What you need to do: In the entries below, find the lines that contain the word "define" and copy them.

Items listed in a dataset:

____

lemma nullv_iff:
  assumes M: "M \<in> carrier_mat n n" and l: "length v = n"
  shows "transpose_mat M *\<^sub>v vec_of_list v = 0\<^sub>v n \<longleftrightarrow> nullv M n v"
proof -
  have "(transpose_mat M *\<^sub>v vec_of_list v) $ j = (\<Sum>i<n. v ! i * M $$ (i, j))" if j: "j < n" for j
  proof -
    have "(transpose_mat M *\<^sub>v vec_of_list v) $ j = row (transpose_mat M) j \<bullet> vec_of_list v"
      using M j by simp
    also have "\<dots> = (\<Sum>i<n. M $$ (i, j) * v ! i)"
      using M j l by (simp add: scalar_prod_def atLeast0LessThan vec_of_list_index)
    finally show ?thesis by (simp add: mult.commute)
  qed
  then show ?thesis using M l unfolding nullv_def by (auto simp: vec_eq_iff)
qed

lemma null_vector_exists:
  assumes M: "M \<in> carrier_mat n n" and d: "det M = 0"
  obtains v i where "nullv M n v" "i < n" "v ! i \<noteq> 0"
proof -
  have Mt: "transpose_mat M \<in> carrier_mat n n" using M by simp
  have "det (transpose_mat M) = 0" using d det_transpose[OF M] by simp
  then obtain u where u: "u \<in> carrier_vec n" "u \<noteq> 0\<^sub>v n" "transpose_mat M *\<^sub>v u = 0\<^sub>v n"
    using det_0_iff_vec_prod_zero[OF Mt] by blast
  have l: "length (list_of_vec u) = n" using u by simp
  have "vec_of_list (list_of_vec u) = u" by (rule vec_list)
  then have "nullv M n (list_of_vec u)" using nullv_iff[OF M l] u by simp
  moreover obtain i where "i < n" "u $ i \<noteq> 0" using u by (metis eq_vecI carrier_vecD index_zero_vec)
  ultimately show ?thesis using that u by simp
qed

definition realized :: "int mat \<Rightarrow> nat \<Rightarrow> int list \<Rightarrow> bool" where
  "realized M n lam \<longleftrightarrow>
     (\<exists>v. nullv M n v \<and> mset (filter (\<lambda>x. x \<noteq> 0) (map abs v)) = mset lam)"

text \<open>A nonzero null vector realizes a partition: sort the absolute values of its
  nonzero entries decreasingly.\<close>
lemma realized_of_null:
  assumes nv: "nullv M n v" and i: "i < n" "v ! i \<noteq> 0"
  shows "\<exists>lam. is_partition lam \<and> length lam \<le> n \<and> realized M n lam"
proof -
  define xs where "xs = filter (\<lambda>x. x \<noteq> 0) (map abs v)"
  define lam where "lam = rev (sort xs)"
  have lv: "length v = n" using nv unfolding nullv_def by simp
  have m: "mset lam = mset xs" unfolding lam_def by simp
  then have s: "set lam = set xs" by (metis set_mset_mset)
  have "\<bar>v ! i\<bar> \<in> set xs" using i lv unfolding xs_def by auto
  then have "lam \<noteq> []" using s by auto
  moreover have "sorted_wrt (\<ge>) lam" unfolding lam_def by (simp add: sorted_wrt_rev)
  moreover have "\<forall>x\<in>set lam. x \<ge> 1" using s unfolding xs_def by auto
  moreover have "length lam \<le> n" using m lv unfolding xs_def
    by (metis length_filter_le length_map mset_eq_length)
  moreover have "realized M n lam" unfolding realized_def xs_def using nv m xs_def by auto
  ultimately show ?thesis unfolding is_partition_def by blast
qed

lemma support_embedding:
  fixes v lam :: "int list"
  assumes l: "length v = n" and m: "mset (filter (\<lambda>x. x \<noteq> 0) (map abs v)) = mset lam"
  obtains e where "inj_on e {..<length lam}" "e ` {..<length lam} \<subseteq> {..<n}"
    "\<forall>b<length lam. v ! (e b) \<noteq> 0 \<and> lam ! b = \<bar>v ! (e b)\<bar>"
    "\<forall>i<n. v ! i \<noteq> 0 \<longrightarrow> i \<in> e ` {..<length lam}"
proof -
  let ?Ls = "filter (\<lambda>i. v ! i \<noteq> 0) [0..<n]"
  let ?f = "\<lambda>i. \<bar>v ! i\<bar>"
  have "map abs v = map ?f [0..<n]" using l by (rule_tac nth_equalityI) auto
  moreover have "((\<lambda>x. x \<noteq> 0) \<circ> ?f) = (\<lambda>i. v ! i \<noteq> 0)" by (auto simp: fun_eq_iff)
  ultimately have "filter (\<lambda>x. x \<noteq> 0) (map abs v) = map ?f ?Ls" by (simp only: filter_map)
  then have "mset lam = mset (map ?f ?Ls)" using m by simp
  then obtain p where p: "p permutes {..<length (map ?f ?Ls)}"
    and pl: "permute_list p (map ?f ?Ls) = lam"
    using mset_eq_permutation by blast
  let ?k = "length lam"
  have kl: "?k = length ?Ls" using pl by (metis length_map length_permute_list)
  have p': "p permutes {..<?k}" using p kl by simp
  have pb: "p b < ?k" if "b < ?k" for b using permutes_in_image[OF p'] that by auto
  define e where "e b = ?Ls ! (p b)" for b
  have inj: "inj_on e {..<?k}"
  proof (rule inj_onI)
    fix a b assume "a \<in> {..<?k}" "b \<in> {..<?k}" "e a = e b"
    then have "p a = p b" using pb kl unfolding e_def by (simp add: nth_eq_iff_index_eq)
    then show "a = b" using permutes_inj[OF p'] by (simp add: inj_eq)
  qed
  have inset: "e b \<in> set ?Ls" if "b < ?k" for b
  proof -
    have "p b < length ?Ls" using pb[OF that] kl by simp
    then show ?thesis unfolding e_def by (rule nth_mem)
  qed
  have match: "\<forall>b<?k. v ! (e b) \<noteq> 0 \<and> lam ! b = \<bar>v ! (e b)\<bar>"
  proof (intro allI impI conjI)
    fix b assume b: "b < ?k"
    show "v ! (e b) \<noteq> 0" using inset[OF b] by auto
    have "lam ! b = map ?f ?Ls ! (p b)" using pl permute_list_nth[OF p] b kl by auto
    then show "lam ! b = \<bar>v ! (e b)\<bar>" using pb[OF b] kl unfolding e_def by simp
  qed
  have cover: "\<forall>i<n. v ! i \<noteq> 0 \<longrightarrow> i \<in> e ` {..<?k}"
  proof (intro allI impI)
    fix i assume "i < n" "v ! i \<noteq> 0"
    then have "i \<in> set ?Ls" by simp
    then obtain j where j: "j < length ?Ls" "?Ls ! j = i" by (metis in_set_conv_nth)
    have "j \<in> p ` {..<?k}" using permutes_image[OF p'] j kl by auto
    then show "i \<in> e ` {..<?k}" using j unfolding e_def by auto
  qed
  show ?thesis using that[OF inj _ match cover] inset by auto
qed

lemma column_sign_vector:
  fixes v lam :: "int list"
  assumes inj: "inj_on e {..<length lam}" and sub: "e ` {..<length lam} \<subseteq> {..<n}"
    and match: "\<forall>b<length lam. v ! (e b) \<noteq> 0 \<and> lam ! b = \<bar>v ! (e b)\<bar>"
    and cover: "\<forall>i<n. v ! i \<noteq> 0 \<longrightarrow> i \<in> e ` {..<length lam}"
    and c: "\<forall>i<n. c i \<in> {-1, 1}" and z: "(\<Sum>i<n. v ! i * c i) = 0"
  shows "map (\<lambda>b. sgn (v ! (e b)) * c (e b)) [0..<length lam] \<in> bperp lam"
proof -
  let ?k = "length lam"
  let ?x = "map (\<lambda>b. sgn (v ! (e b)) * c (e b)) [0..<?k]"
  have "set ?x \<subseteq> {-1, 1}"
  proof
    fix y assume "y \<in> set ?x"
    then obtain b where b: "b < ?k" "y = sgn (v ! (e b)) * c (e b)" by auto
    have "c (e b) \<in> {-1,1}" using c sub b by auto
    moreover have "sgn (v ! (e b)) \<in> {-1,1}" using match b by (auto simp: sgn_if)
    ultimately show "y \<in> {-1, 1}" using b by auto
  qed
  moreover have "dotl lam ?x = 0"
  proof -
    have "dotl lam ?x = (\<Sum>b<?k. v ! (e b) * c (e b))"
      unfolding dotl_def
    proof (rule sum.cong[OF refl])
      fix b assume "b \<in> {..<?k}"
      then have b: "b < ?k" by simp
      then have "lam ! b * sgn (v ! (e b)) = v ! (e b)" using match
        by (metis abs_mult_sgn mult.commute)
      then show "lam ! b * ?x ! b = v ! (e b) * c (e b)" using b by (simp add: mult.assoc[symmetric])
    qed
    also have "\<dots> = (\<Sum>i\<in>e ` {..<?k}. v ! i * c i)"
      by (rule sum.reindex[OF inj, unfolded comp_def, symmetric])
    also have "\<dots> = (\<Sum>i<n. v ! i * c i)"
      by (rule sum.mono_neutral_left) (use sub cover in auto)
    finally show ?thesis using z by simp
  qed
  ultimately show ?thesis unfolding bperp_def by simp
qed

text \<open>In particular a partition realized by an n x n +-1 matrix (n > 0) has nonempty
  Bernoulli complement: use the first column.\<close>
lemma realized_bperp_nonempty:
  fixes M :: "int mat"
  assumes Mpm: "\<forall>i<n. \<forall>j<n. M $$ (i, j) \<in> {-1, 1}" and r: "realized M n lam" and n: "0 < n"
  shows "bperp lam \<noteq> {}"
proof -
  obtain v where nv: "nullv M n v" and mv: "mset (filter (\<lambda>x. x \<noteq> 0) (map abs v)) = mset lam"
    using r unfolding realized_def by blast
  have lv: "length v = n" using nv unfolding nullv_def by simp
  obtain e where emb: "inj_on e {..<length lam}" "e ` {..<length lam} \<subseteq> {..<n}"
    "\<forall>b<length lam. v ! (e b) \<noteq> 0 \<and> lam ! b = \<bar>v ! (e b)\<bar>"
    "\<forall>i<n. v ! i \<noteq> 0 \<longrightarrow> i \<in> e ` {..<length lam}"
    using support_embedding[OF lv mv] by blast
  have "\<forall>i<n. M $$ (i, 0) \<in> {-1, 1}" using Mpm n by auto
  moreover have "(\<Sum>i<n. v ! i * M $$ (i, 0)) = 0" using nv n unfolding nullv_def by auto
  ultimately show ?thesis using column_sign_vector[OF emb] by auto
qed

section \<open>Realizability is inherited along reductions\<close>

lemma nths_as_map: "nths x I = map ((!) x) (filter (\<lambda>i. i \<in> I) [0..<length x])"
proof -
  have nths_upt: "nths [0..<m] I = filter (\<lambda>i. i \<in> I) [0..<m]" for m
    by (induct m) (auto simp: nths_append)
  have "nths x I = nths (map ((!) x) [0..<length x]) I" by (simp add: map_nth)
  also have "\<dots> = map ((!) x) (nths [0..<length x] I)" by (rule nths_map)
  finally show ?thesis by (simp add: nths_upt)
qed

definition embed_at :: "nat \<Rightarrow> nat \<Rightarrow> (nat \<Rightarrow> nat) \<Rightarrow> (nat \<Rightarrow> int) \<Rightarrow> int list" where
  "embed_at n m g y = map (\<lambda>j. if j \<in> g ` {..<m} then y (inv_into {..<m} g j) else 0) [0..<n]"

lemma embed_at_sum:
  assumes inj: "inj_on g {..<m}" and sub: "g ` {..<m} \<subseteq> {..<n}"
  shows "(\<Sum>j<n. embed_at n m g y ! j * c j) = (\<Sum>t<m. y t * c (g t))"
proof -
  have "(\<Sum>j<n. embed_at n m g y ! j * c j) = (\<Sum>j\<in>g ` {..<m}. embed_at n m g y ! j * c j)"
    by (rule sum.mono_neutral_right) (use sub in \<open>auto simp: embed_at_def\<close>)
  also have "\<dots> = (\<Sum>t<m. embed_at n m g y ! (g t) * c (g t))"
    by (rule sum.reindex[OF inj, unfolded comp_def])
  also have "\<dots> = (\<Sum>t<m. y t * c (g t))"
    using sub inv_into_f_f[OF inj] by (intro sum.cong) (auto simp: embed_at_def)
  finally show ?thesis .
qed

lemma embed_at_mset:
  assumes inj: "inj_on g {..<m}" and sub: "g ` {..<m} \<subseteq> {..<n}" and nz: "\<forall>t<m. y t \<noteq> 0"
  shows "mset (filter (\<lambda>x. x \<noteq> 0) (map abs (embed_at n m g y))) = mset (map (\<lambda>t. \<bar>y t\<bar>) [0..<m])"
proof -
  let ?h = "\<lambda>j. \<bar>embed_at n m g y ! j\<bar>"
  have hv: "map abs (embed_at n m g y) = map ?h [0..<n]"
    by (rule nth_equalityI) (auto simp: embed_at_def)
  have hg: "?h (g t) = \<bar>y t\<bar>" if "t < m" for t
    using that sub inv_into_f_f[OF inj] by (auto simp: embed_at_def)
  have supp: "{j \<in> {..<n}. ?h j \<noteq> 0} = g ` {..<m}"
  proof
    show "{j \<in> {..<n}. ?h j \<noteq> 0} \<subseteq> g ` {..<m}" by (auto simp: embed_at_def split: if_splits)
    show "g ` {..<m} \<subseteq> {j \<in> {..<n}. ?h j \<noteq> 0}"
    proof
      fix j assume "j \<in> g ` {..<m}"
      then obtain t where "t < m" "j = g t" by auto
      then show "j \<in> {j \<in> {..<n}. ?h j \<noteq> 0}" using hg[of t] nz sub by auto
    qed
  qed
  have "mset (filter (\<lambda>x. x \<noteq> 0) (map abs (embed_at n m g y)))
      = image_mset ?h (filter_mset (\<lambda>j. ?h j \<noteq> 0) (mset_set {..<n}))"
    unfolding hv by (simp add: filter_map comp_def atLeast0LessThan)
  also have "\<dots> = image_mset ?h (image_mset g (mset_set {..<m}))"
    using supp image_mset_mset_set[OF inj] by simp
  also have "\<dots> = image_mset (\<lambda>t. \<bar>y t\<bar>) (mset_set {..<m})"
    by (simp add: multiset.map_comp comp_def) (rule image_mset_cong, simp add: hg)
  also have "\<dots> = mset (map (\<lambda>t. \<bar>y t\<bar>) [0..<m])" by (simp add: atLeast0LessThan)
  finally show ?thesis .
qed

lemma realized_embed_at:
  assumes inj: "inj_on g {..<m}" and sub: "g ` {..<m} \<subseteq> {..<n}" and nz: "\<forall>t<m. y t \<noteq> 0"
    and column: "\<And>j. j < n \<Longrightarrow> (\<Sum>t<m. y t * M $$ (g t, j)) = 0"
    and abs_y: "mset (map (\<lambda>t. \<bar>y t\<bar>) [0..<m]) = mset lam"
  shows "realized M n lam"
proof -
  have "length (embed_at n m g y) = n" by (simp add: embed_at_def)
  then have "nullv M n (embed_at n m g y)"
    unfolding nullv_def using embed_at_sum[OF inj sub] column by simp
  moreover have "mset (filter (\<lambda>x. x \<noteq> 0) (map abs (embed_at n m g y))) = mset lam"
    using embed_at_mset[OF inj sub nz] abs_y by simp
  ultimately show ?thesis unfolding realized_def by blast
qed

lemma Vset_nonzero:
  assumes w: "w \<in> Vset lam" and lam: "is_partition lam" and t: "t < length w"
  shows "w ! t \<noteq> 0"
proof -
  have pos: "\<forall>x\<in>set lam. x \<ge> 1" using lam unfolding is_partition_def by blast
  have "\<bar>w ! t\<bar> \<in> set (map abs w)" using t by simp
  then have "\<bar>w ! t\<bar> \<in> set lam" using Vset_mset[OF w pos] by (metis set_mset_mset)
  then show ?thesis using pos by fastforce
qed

____

Answer to this task:
  define xs where "xs = filter (\<lambda>x. x \<noteq> 0) (map abs v)"
  define lam where "lam = rev (sort xs)"
  define e where "e b = ?Ls ! (p b)" for b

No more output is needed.